The cash market rebounded strongly Monday from major weekend softness, although most points failed to recover as much price ground as they had surrendered on the preceding Friday. Gains ranged from around 30 cents to a dollar, with many gradations in between.

Although no one was ready to hail the onset of winter, fundamental weather support is picking up a bit. Frost and freeze advisories being posted for the next day or two in both the Midwest and Northeast were signs that temperatures are starting to fall low enough to prompt the startup of some gas-fired furnaces. Of course, the return of industrial load from a weekend played a part in the upticks.
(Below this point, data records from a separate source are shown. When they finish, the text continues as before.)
lemma abs_exp_neg_mult_cosh_sub_one_le:
  fixes s t T :: real
  assumes "0 \<le> s" "\<bar>t\<bar> \<le> T"
  shows "\<bar>exp (- s) * cosh t - 1\<bar> \<le> exp T * t\<^sup>2 / 2 + s"
proof -
  have "exp (- s) * cosh t \<le> cosh t"
    using assms cosh_real_ge_1[of t] by (simp add: mult_left_le_one_le)
  moreover have "1 - s \<le> exp (- s) * cosh t"
  proof -
    have "exp (- s) * 1 \<le> exp (- s) * cosh t"
      by (rule mult_left_mono) (simp_all add: cosh_real_ge_1)
    then show ?thesis
      using exp_ge_add_one_self[of "- s"] by linarith
  qed
  moreover have "0 \<le> exp T * t\<^sup>2 / 2"
    by simp
  ultimately show ?thesis
    using cosh_sub_one_le[OF assms(2)] assms(1) by (simp only: abs_le_iff) (intro conjI; linarith)
qed

lemma gauss_pos: "0 < gauss x"
  unfolding gauss_def by simp

lemma gauss_le: "gauss (x :: 'a::euclidean_space) \<le> (2 * pi) powr (- real DIM('a) / 2)"
  unfolding gauss_def by simp

lemma gauss_ge:
  fixes y :: "'a::euclidean_space"
  assumes "norm y \<le> \<rho>"
  shows "(2 * pi) powr (- real DIM('a) / 2) * exp (- \<rho>\<^sup>2 / 2) \<le> gauss y"
proof -
  have "(norm y)\<^sup>2 \<le> \<rho>\<^sup>2"
    using assms by (intro power_mono) auto
  then show ?thesis
    unfolding gauss_def by simp
qed

lemma gauss_add_plus_gauss_diff:
  fixes z h :: "'a::euclidean_space"
  shows "gauss (z + h) + gauss (z - h) = 2 * gauss z * (exp (- (norm h)\<^sup>2 / 2) * cosh (z \<bullet> h))"
proof -
  have "(norm (z + h))\<^sup>2 = (norm z)\<^sup>2 + (norm h)\<^sup>2 + 2 * (z \<bullet> h)"
    by (simp add: power2_norm_eq_inner inner_add_left inner_add_right inner_commute)
  then have plus: "exp (- (norm (z + h))\<^sup>2 / 2) = exp (- (norm z)\<^sup>2 / 2) * exp (- (norm h)\<^sup>2 / 2) * exp (- (z \<bullet> h))"
    by (simp add: exp_add[symmetric] exp_diff field_simps)
  have "(norm (z - h))\<^sup>2 = (norm z)\<^sup>2 + (norm h)\<^sup>2 - 2 * (z \<bullet> h)"
    by (simp add: power2_norm_eq_inner inner_diff_left inner_diff_right inner_commute)
  then have minus: "exp (- (norm (z - h))\<^sup>2 / 2) = exp (- (norm z)\<^sup>2 / 2) * exp (- (norm h)\<^sup>2 / 2) * exp (z \<bullet> h)"
    by (simp add: exp_add[symmetric] exp_diff field_simps)
  show ?thesis
    unfolding gauss_def plus minus cosh_field_def by (simp add: algebra_simps)
qed

lemma gauss_symmetric_ratio_le:
  fixes z h :: "'a::euclidean_space"
  assumes "norm z \<le> K" "K * norm h \<le> T"
  shows "\<bar>(gauss (z + h) + gauss (z - h)) / (2 * gauss z) - 1\<bar> \<le> (exp T * K\<^sup>2 + 1) * (norm h)\<^sup>2 / 2"
proof -
  have "0 \<le> K"
    using assms(1) norm_ge_zero order_trans by blast
  have zh: "\<bar>z \<bullet> h\<bar> \<le> K * norm h"
    using Cauchy_Schwarz_ineq2[of z h] mult_right_mono[OF assms(1) norm_ge_zero[of h]] by linarith
  then have "(z \<bullet> h)\<^sup>2 \<le> K\<^sup>2 * (norm h)\<^sup>2"
    using \<open>0 \<le> K\<close> by (simp add: abs_le_square_iff[symmetric] power_mult_distrib[symmetric])
  then have bound: "exp T * (z \<bullet> h)\<^sup>2 \<le> exp T * (K\<^sup>2 * (norm h)\<^sup>2)"
    by simp
  have "(gauss (z + h) + gauss (z - h)) / (2 * gauss z) = exp (- ((norm h)\<^sup>2 / 2)) * cosh (z \<bullet> h)"
    unfolding gauss_add_plus_gauss_diff using gauss_pos[of z] by simp
  then have "\<bar>(gauss (z + h) + gauss (z - h)) / (2 * gauss z) - 1\<bar> \<le> exp T * (z \<bullet> h)\<^sup>2 / 2 + (norm h)\<^sup>2 / 2"
    using zh assms(2) by (simp add: abs_exp_neg_mult_cosh_sub_one_le)
  also have "\<dots> \<le> (exp T * K\<^sup>2 + 1) * (norm h)\<^sup>2 / 2"
    using bound by (simp add: field_simps)
  finally show ?thesis .
qed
But at least one marketer was unsure about just how substantive Monday’s rally was. A lot of the new price strength, he said, was due to some sense of gas being oversold Friday and not from a genuine big increase in demand. The Northeast “is going to get its first real cold shot of the season” around midweek, but it won’t be enough to result in any huge onslaught of heating load, he said. It’s still too early in the season for that, the marketer added, but he saw some chance for increased power generation demand.

He thinks traders may be seeing “a recalibration of the market” starting now after Gulf Coast-Northeast basis got squeezed so tightly last week that at times production-area numbers surpassed delivered prices. Although he doesn’t expect Monday’s big advances to continue, the marketer said he does think prices will stay “relatively robust” for a while and to trade in narrower ranges now that they’ve shaken out some highly volatile moves going into the weekend and coming out of it.

“My crystal ball was broken this time,” joked a Gulf Coast trader who admitted not expecting such a strong price recovery after Friday’s large dives. However, she noted that one of her usual Northeast customers backed off Monday, saying he would avoid buying in the swing market until prices get lower. The marketer assumes he is taking gas out of storage meanwhile. She doesn’t see much encouragement for his position, though, noting that with offshore shut-ins remaining at a high level, there doesn’t seem to be much more price downside in the near future.

After a week in which little progress was made in restoring offshore production that was suspended due to Hurricane Ivan, Minerals Management Service had better news to report Monday. Based on reports received from 22 companies by 11:30 a.m. CDT, MMS said shut-in Gulf of Mexico supplies had declined to 1,977.56 MMcf/d, a change of more than 340 MMcf/d from Friday when no change from the prior-day figure was recorded.

Shut-in totals Monday equaled 16.08% of daily Gulf of Mexico gas production, MMS said. The remaining outage of 480,285 bbl/d of oil is equivalent to 28.25% of the Gulf’s usual crude production, it added.

Western markets got some relief from the lifting of a SoCalGas high-linepack OFO that had been in effect Saturday and Sunday.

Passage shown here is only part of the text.